*What to work on*.
Scan the material for the word "where" and return every matching line.
[Information Boundary: Start]
text \<open>For a short exact sequence 0 \<rightarrow> L \<rightarrow> M \<rightarrow> N \<rightarrow> 0 the image of L is the kernel of
M \<rightarrow> N, which is subtractive and hence a direct summand of M, say M = Ker g \<oplus> K'.
The k-normality of g makes g injective on K', and as g maps K' onto N the inverse
of g restricted to K' is a linear splitting s of g, with m = p m + s (g m) for the
linear projection p of M onto Ker g. Composition with s lifts homomorphisms
P \<rightarrow> N to P \<rightarrow> M, and for h, h' : P \<rightarrow> M with g \<circ> h = g \<circ> h' the decomposition gives
h + p \<circ> h' = h' + p \<circ> h, which is the k-normality of the Hom sequence.\<close>

lemma s_linear_comp:
  assumes "s_linear smX smY h" and "s_linear smY smZ g"
  shows "s_linear smX smZ (g \<circ> h)"
  using assms unfolding s_linear_def by simp

lemma s_linear_inv_comp:
  assumes "inj f" and f: "s_linear smL smM f" and h: "s_linear smP smM h"
    and "range h \<subseteq> range f"
  shows "s_linear smP smL (inv f \<circ> h)"
proof -
  have f_inv_h: "f (inv f (h x)) = h x" for x
    using assms(4) by (intro f_inv_into_f) auto
  have inv_f: "inv f (f y) = y" for y
    using \<open>inj f\<close> by simp
  show ?thesis
    unfolding s_linear_def comp_def
  proof (intro conjI allI)
    fix x y
    have "h (x + y) = f (inv f (h x) + inv f (h y))"
      using f h f_inv_h unfolding s_linear_def by simp
    then show "inv f (h (x + y)) = inv f (h x) + inv f (h y)"
      using inv_f by simp
  next
    show "inv f (h 0) = 0"
      using f h inv_f unfolding s_linear_def by metis
  next
    fix a x
    have "h (smP a x) = f (smL a (inv f (h x)))"
      using f h f_inv_h unfolding s_linear_def by simp
    then show "inv f (h (smP a x)) = smL a (inv f (h x))"
      using inv_f by simp
  qed
qed

lemma subsemimodule_range:
  assumes "s_linear smX smY f"
  shows "subsemimodule smY (range f)"
proof -
  have "f 0 = 0" and "f x + f y = f (x + y)" and "smY a (f x) = f (smX a x)" for a x y
    using assms unfolding s_linear_def by simp_all
  then show ?thesis
    unfolding subsemimodule_def by (auto intro: range_eqI[of _ f 0])
qed

lemma subtractive_Ker:
  assumes "s_linear smX smY h"
  shows "subtractive (Ker h)"
  unfolding subtractive_def
proof (intro allI impI)
  fix m k k' assume "k \<in> Ker h" "k' \<in> Ker h" "m + k = k'"
  moreover have "h (m + k) = h m + h k"
    using assms unfolding s_linear_def by blast
  ultimately have "h m = h k'"
    unfolding Ker_def by simp
  with \<open>k' \<in> Ker h\<close> show "m \<in> Ker h"
    unfolding Ker_def by simp
qed

locale semimodule_direct_sum =
  fixes sm :: "'s::semiring_1 \<Rightarrow> 'm::comm_monoid_add \<Rightarrow> 'm" and K K' :: "'m set"
  assumes semimodule: "semimodule sm"
    and subsemimodule_K: "subsemimodule sm K"
    and subsemimodule_K': "subsemimodule sm K'"
    and unique_decomposition: "\<forall>m. \<exists>!p. fst p \<in> K \<and> snd p \<in> K' \<and> m = fst p + snd p"
begin

definition decompose :: "'m \<Rightarrow> 'm \<times> 'm" where
  "decompose m = (THE p. fst p \<in> K \<and> snd p \<in> K' \<and> m = fst p + snd p)"

definition proj :: "'m \<Rightarrow> 'm" where
  "proj m = fst (decompose m)"

definition proj' :: "'m \<Rightarrow> 'm" where
  "proj' m = snd (decompose m)"

lemma proj_in: "proj m \<in> K"
  and proj'_in: "proj' m \<in> K'"
  and proj_add_proj': "m = proj m + proj' m"
  using theI'[OF unique_decomposition[rule_format, of m]]
  unfolding proj_def proj'_def decompose_def by auto

lemma proj_eq:
  assumes "a \<in> K" and "b \<in> K'" and "m = a + b"
  shows "proj m = a" and "proj' m = b"
proof -
  have "decompose m = (a, b)"
    unfolding decompose_def
    by (rule the1_equality[OF unique_decomposition[rule_format]]) (use assms in auto)
  then show "proj m = a" and "proj' m = b"
    unfolding proj_def proj'_def by simp_all
qed

lemma s_linear_proj: "s_linear sm sm proj"
  unfolding s_linear_def
proof (intro conjI allI)
  fix x y
  have "x + y = (proj x + proj y) + (proj' x + proj' y)"
    by (metis proj_add_proj' add.assoc add.left_commute)
  moreover have "proj x + proj y \<in> K" and "proj' x + proj' y \<in> K'"
    using proj_in proj'_in subsemimodule_K subsemimodule_K' unfolding subsemimodule_def by auto
  ultimately show "proj (x + y) = proj x + proj y"
    by (rule proj_eq(1)[rotated 2])
next
  show "proj 0 = 0"
    using proj_eq(1)[of 0 0 0] subsemimodule_K subsemimodule_K'
    unfolding subsemimodule_def by simp
next
  fix a x
  have "sm a x = sm a (proj x) + sm a (proj' x)"
    using semimodule proj_add_proj' unfolding semimodule_def by metis
  moreover have "sm a (proj x) \<in> K" and "sm a (proj' x) \<in> K'"
    using proj_in proj'_in subsemimodule_K subsemimodule_K' unfolding subsemimodule_def by auto
  ultimately show "proj (sm a x) = sm a (proj x)"
    by (rule proj_eq(1)[rotated 2])
qed

end

locale complemented_kernel = semimodule_direct_sum sm "Ker g" K'
  for sm :: "'s::semiring_1 \<Rightarrow> 'm::comm_monoid_add \<Rightarrow> 'm"
    and g :: "'m \<Rightarrow> 'n::comm_monoid_add" and K' +
  fixes smN :: "'s \<Rightarrow> 'n \<Rightarrow> 'n"
  assumes s_linear_g: "s_linear sm smN g"
    and surj_g: "surj g"
    and k_normal_g: "k_normal g"
begin

lemma g_proj: "g (proj m) = 0"
  using proj_in unfolding Ker_def by simp

lemma g_proj': "g (proj' m) = g m"
  using s_linear_g g_proj proj_add_proj'[of m] unfolding s_linear_def by (metis add_0)

lemma inj_on_complement: "inj_on g K'"
proof (rule inj_onI)
  fix a b assume "a \<in> K'" "b \<in> K'" "g a = g b"
  then obtain k k' where "k \<in> Ker g" "k' \<in> Ker g" "a + k = b + k'"
    using k_normal_g unfolding k_normal_def by blast
  then have "proj' (a + k) = a" and "proj' (a + k) = b"
    using proj_eq(2) \<open>a \<in> K'\<close> \<open>b \<in> K'\<close> by (metis add.commute)+
  then show "a = b" by simp
qed

definition splitting :: "'n \<Rightarrow> 'm" where
  "splitting n = proj' (inv g n)"

lemma splitting_in: "splitting n \<in> K'"
  unfolding splitting_def by (rule proj'_in)

lemma g_splitting: "g (splitting n) = n"
  unfolding splitting_def g_proj' using surj_g by (rule surj_f_inv_f)

lemma splitting_eqI:
  assumes "m \<in> K'" and "g m = n"
  shows "splitting n = m"
  using inj_on_complement splitting_in assms g_splitting by (metis inj_onD)

lemma s_linear_splitting: "s_linear smN sm splitting"
  unfolding s_linear_def
proof (intro conjI allI)
  fix x y
  show "splitting (x + y) = splitting x + splitting y"
    using splitting_in subsemimodule_K' s_linear_g g_splitting
    by (intro splitting_eqI) (auto simp: subsemimodule_def s_linear_def)
next
  show "splitting 0 = 0"
    using subsemimodule_K' s_linear_g
    by (intro splitting_eqI) (auto simp: subsemimodule_def s_linear_def)
next
  fix a x
  show "splitting (smN a x) = sm a (splitting x)"
    using splitting_in subsemimodule_K' s_linear_g g_splitting
    by (intro splitting_eqI) (auto simp: subsemimodule_def s_linear_def)
qed

lemma proj_add_splitting: "m = proj m + splitting (g m)"
  using proj_add_proj'[of m] splitting_eqI[OF proj'_in g_proj'] by simp

end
[Information Boundary: End]
*Solution below*.
definition decompose :: "'m \<Rightarrow> 'm \<times> 'm" where
definition proj :: "'m \<Rightarrow> 'm" where
definition proj' :: "'m \<Rightarrow> 'm" where
  then obtain k k' where "k \<in> Ker g" "k' \<in> Ker g" "a + k = b + k'"
definition splitting :: "'n \<Rightarrow> 'm" where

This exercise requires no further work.